Segolene Royal deserves some blame for this. She tried playing the fear card in the week before the runoff that made Sarkozy the new president, and signalled the would-be rioters that the expected response would be chaos and destruction. The French do not need much of a push to demonstrate in passionate terms, and the warning of Royal that Sarkozy’s election would lead to riots could also be seen as expert analysis — but one might think that a person vying for national leadership would have shown more discretion.

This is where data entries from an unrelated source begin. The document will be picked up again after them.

(* Let $\varphi$ be an AND-OR formula with $n$ leaves in which every gate has fan-in two, let $r$ be its root, fix arbitrary $s_1(v),s_2(v)>0$ for every internal vertex $v$, and let $P_\varphi$ be the span program obtained from the gate span programs $P_v$ by reduced tensor-product composition from the root toward the leaves (in an otherwise arbitrary order). Let $U$ be the set of maximal false inputs to $\varphi$. Then, identifying the standard basis of the inner product space of $P_\varphi$ with $U$ (so the space is $\mathbb{C}^U$), $P_\varphi$ is given as follows. Its target vector is $$\lvert t\rangle=\sum_{x\in U}\Bigl(\prod_{v\in T_x}\begin{Bmatrix}\alpha_{j(x,v)}(v)\\ \delta(v)\end{Bmatrix}\cdot\prod_{v\notin T_x}\begin{Bmatrix}\alpha(v)\\ \delta(v)\end{Bmatrix}\Bigr)\lvert x\rangle .$$ Its input vectors are indexed by $I_{k,1}=\{k\}$, $I_{k,0}=\emptyset$ for $k\in[n]$, with $$\lvert v_k\rangle=\sum_{x\in U:\,x_k=0}\Bigl(\prod_{v\in\gamma_k}\begin{Bmatrix}\beta_{j(k,v)}(v)\\ \epsilon_{j(k,v)}(v)\end{Bmatrix}\cdot\prod_{v\in T_x\setminus\gamma_k}\begin{Bmatrix}\alpha_{j(x,v)}(v)\\ \delta(v)\end{Bmatrix}\cdot\prod_{v\notin T_x}\begin{Bmatrix}\alpha(v)\\ \delta(v)\end{Bmatrix}\Bigr)\lvert x\rangle .$$ In each brace the top entry is taken if $v$ is an AND gate and the bottom entry if $v$ is an OR gate, and all products range over internal vertices $v$ of $\varphi$ only. In particular, for $x\in U$, $\langle x\vert v_k\rangle=0$ if and only if $x_k=1$, and thus $\lvert x\rangle/\langle t\vert x\rangle$ is a witness for $f_{P_\varphi}(x)=0$.
   Context: An AND-OR formula is a rooted tree with internal vertices labeled AND or OR, leaves numbered $1,\dots,n$, defining $\varphi:\{0,1\}^n\to\{0,1\}$ by placing $x_k$ on leaf $k$ and evaluating toward the root. Here each internal vertex $v$ has exactly two ordered children (child 1 and child 2). A strict, monotone span program on $N$ bits consists of an inner product space $V$ over $\mathbb{C}$ with a fixed orthonormal basis, a target $\lvert t\rangle\in V$, disjoint finite index sets $I_{k,1}$ ($k\in[N]$) and input vectors $\lvert v_i\rangle$; it computes $f_P(x)=1$ iff $\lvert t\rangle\in\mathrm{Span}\{\lvert v_i\rangle:i\in I_{k,1},x_k=1\}$. A witness for $f_P(x)=0$ is a vector $\lvert w'\rangle\in V$ with $\langle t\vert w'\rangle=1$ and $\langle v_i\vert w'\rangle=0$ for all $i\in I_{k,1}$ with $x_k=1$. Gate span programs: for an internal vertex $v$, $P_v=P_{\mathrm{AND}}(s_1(v),s_2(v))$ if $v$ is an AND gate: space $\mathbb{C}^2$, target $(\alpha_1(v),\alpha_2(v))^T$, input vectors $(\beta_1(v),0)^T$ for input 1 and $(0,\beta_2(v))^T$ for input 2; and $P_v=P_{\mathrm{OR}}(s_1(v),s_2(v))$ if $v$ is an OR gate: space $\mathbb{C}$, target $\delta(v)$, input vectors $\epsilon_1(v)$, $\epsilon_2(v)$. Here $\alpha_j(v)=\epsilon_j(v)=(s_j(v)/(s_1(v)+s_2(v)))^{1/4}$, $\beta_j(v)=1$, $\delta(v)=1$, $\alpha(v)=\sqrt{\alpha_1(v)^2+\alpha_2(v)^2}$. Each has $I_{1,1}=\{1\}$, $I_{2,1}=\{2\}$. Reduced tensor-product composition of a strict monotone program $P'$ (space $V'$ with basis, target $\lvert t'\rangle$, inputs $\lvert v'_{i'}\rangle$, $i'\in I'_{k,1}$, $k\in[m]$) into input $j$ of a strict monotone program $P$ with space $\mathbb{C}^{[d]}$: let $Z=\{l\in[d]:\langle l\vert v_i\rangle=0\ \forall i\in I_{j,1}\}$; set $V_l=V'$, $\lvert\pi_l\rangle=\lvert t'\rangle$ for $l\notin Z$ and $V_l=\mathbb{C}$, $\lvert\pi_l\rangle=\lVert\lvert t'\rangle\rVert$ for $l\in Z$. The result has space $\bigoplus_l V_l$ (with the union of the bases), target $\sum_l\langle l\vert t\rangle\lvert\pi_l\rangle_{V_l}$; input $j$ of $P$ is replaced by the $m$ inputs of $P'$, with index sets $I_{j,1}\times I'_{k,1}$ and vectors $\sum_l\langle l\vert v_i\rangle\lvert v'_{i'}\rangle_{V_l}$; every other input $j'$ of $P$ keeps index set $I_{j',1}$ with vectors $\sum_l\langle l\vert v_\iota\rangle\lvert\pi_l\rangle_{V_l}$. The construction of $P_\varphi$ starts from $P_r$ and repeatedly composes $P_v$ into the input of the current span program corresponding to $v$ (whose parent has already been composed), until all inputs correspond to leaves of $\varphi$. An input $x\in\{0,1\}^n$ is a maximal false input if $\varphi(x)=0$ and flipping any bit of $x$ from $0$ to $1$ makes $\varphi$ evaluate to $1$. For such $x$, $T_x$ is the subtree of $\varphi$ rooted at $r$ whose leaves are exactly the leaves $k$ with $x_k=0$; for each vertex $v\in T_x$, if $v$ is OR both its children are in $T_x$, and if $v$ is AND exactly one child is in $T_x$, indexed $j(x,v)\in[2]$. $\gamma_k$ is the simple path from leaf $k$ to $r$, and $j(k,v)\in[2]$ is the child of $v$ lying on $\gamma_k$. *)

theory Defs
  imports Complex_Main
begin

datatype gt = AND | OR

(* Leaf k carries the leaf number k; Gate g c1 c2 has ordered children c1 (child 1), c2 (child 2) *)
datatype form = Leaf nat | Gate gt form form

fun leaves :: "form \<Rightarrow> nat list" where
  "leaves (Leaf k) = [k]"
| "leaves (Gate g a b) = leaves a @ leaves b"

fun evalf :: "form \<Rightarrow> (nat \<Rightarrow> bool) \<Rightarrow> bool" where
  "evalf (Leaf k) x = x k"
| "evalf (Gate AND a b) x = (evalf a x \<and> evalf b x)"
| "evalf (Gate OR a b) x = (evalf a x \<or> evalf b x)"

text \<open>Vertices are addressed by positions: the list of child indices (1 or 2) on the
  path from the root r (position []).\<close>
fun sub :: "form \<Rightarrow> nat list \<Rightarrow> form option" where
  "sub t [] = Some t"
| "sub (Leaf k) (i # p) = None"
| "sub (Gate g a b) (i # p) = (if i = 1 then sub a p else if i = 2 then sub b p else None)"

definition gates :: "form \<Rightarrow> nat list set" where
  "gates \<phi> = {p. \<exists>g a b. sub \<phi> p = Some (Gate g a b)}"

definition isAND :: "form \<Rightarrow> nat list \<Rightarrow> bool" where
  "isAND \<phi> p = (\<exists>a b. sub \<phi> p = Some (Gate AND a b))"

definition leafposs :: "form \<Rightarrow> nat list set" where
  "leafposs \<phi> = {p. \<exists>k. sub \<phi> p = Some (Leaf k)}"

definition leafpos :: "form \<Rightarrow> nat \<Rightarrow> nat list" where
  "leafpos \<phi> k = (THE p. sub \<phi> p = Some (Leaf k))"

definition leaflabel :: "form \<Rightarrow> nat list \<Rightarrow> nat" where
  "leaflabel \<phi> p = (case sub \<phi> p of Some (Leaf k) \<Rightarrow> k | _ \<Rightarrow> 0)"

text \<open>Inputs x in {0,1}^n are functions nat => bool vanishing outside [n]; True = 1.\<close>
definition maxfalse :: "form \<Rightarrow> nat \<Rightarrow> (nat \<Rightarrow> bool) \<Rightarrow> bool" where
  "maxfalse \<phi> n x \<longleftrightarrow> (\<forall>k. x k \<longrightarrow> k \<in> {1..n}) \<and> \<not> evalf \<phi> x \<and>
      (\<forall>k\<in>{1..n}. \<not> x k \<longrightarrow> evalf \<phi> (x(k := True)))"

definition Uset :: "form \<Rightarrow> nat \<Rightarrow> (nat \<Rightarrow> bool) set" where
  "Uset \<phi> n = {x. maxfalse \<phi> n x}"

definition Tx_ok :: "form \<Rightarrow> (nat \<Rightarrow> bool) \<Rightarrow> nat list set \<Rightarrow> bool" where
  "Tx_ok \<phi> x S \<longleftrightarrow> S \<subseteq> {p. sub \<phi> p \<noteq> None} \<and> [] \<in> S \<and>
     (\<forall>p i. p @ [i] \<in> S \<longrightarrow> p \<in> S) \<and>
     (\<forall>p k. sub \<phi> p = Some (Leaf k) \<longrightarrow> (p \<in> S \<longleftrightarrow> \<not> x k)) \<and>
     (\<forall>p\<in>S. \<forall>a b. sub \<phi> p = Some (Gate OR a b) \<longrightarrow> p @ [1] \<in> S \<and> p @ [2] \<in> S) \<and>
     (\<forall>p\<in>S. \<forall>a b. sub \<phi> p = Some (Gate AND a b) \<longrightarrow> (p @ [1] \<in> S) \<noteq> (p @ [2] \<in> S))"

definition Tx :: "form \<Rightarrow> (nat \<Rightarrow> bool) \<Rightarrow> nat list set" where
  "Tx \<phi> x = (THE S. Tx_ok \<phi> x S)"

definition jx :: "form \<Rightarrow> (nat \<Rightarrow> bool) \<Rightarrow> nat list \<Rightarrow> nat" where
  "jx \<phi> x v = (THE j. j \<in> {1, 2} \<and> v @ [j] \<in> Tx \<phi> x)"

definition gamma :: "form \<Rightarrow> nat \<Rightarrow> nat list set" where
  "gamma \<phi> k = {v \<in> gates \<phi>. \<exists>q. leafpos \<phi> k = v @ q}"

definition jk :: "form \<Rightarrow> nat \<Rightarrow> nat list \<Rightarrow> nat" where
  "jk \<phi> k v = leafpos \<phi> k ! length v"

type_synonym weights = "nat list \<Rightarrow> nat \<Rightarrow> real"  (* s v j = s_j(v) *)

definition alpha :: "weights \<Rightarrow> nat list \<Rightarrow> nat \<Rightarrow> real" where
  "alpha s v j = (s v j / (s v 1 + s v 2)) powr (1/4)"

definition eps :: "weights \<Rightarrow> nat list \<Rightarrow> nat \<Rightarrow> real" where
  "eps s v j = (s v j / (s v 1 + s v 2)) powr (1/4)"

definition beta :: "nat list \<Rightarrow> nat \<Rightarrow> real" where
  "beta v j = 1"

definition delta :: "nat list \<Rightarrow> real" where
  "delta v = 1"

definition alphatot :: "weights \<Rightarrow> nat list \<Rightarrow> real" where
  "alphatot s v = sqrt ((alpha s v 1)\<^sup>2 + (alpha s v 2)\<^sup>2)"

text \<open>Labels for basis elements and input-vector indices; Pr l b is the basis vector b of
  the copy V_l, Zl l the one-dimensional V_l for l in Z.\<close>
datatype lab = L nat | Pr lab lab | Zl lab

text \<open>A strict monotone span program: orthonormal basis sp_basis, vectors as coordinate
  functions, inputs named by positions of the formula, I_{p,1} = sp_idx p.\<close>
record sprog =
  sp_basis :: "lab set"
  sp_target :: "lab \<Rightarrow> complex"
  sp_inputs :: "nat list set"
  sp_idx :: "nat list \<Rightarrow> lab set"
  sp_vec :: "lab \<Rightarrow> lab \<Rightarrow> complex"

definition ip :: "sprog \<Rightarrow> (lab \<Rightarrow> complex) \<Rightarrow> (lab \<Rightarrow> complex) \<Rightarrow> complex" where
  "ip P u w = (\<Sum>b\<in>sp_basis P. cnj (u b) * w b)"

definition nrm :: "sprog \<Rightarrow> (lab \<Rightarrow> complex) \<Rightarrow> real" where
  "nrm P u = sqrt (\<Sum>b\<in>sp_basis P. (cmod (u b))\<^sup>2)"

The last time these riots got started, they went on for weeks. That was partly because the initial response of the police was to hold back and let the riots burn themselves out. Sarkozy wound up having to take tougher action to get them under control. The arrests show that the French police have learned the lesson. We’ll see if the rioters have learned theirs.
UPDATE: Charles Johnson notes that AP apparently bought an attempt to downplay the violence, an effort that French authorities attempted to keep the foreign press from broadcasting the extensive nature of the riots.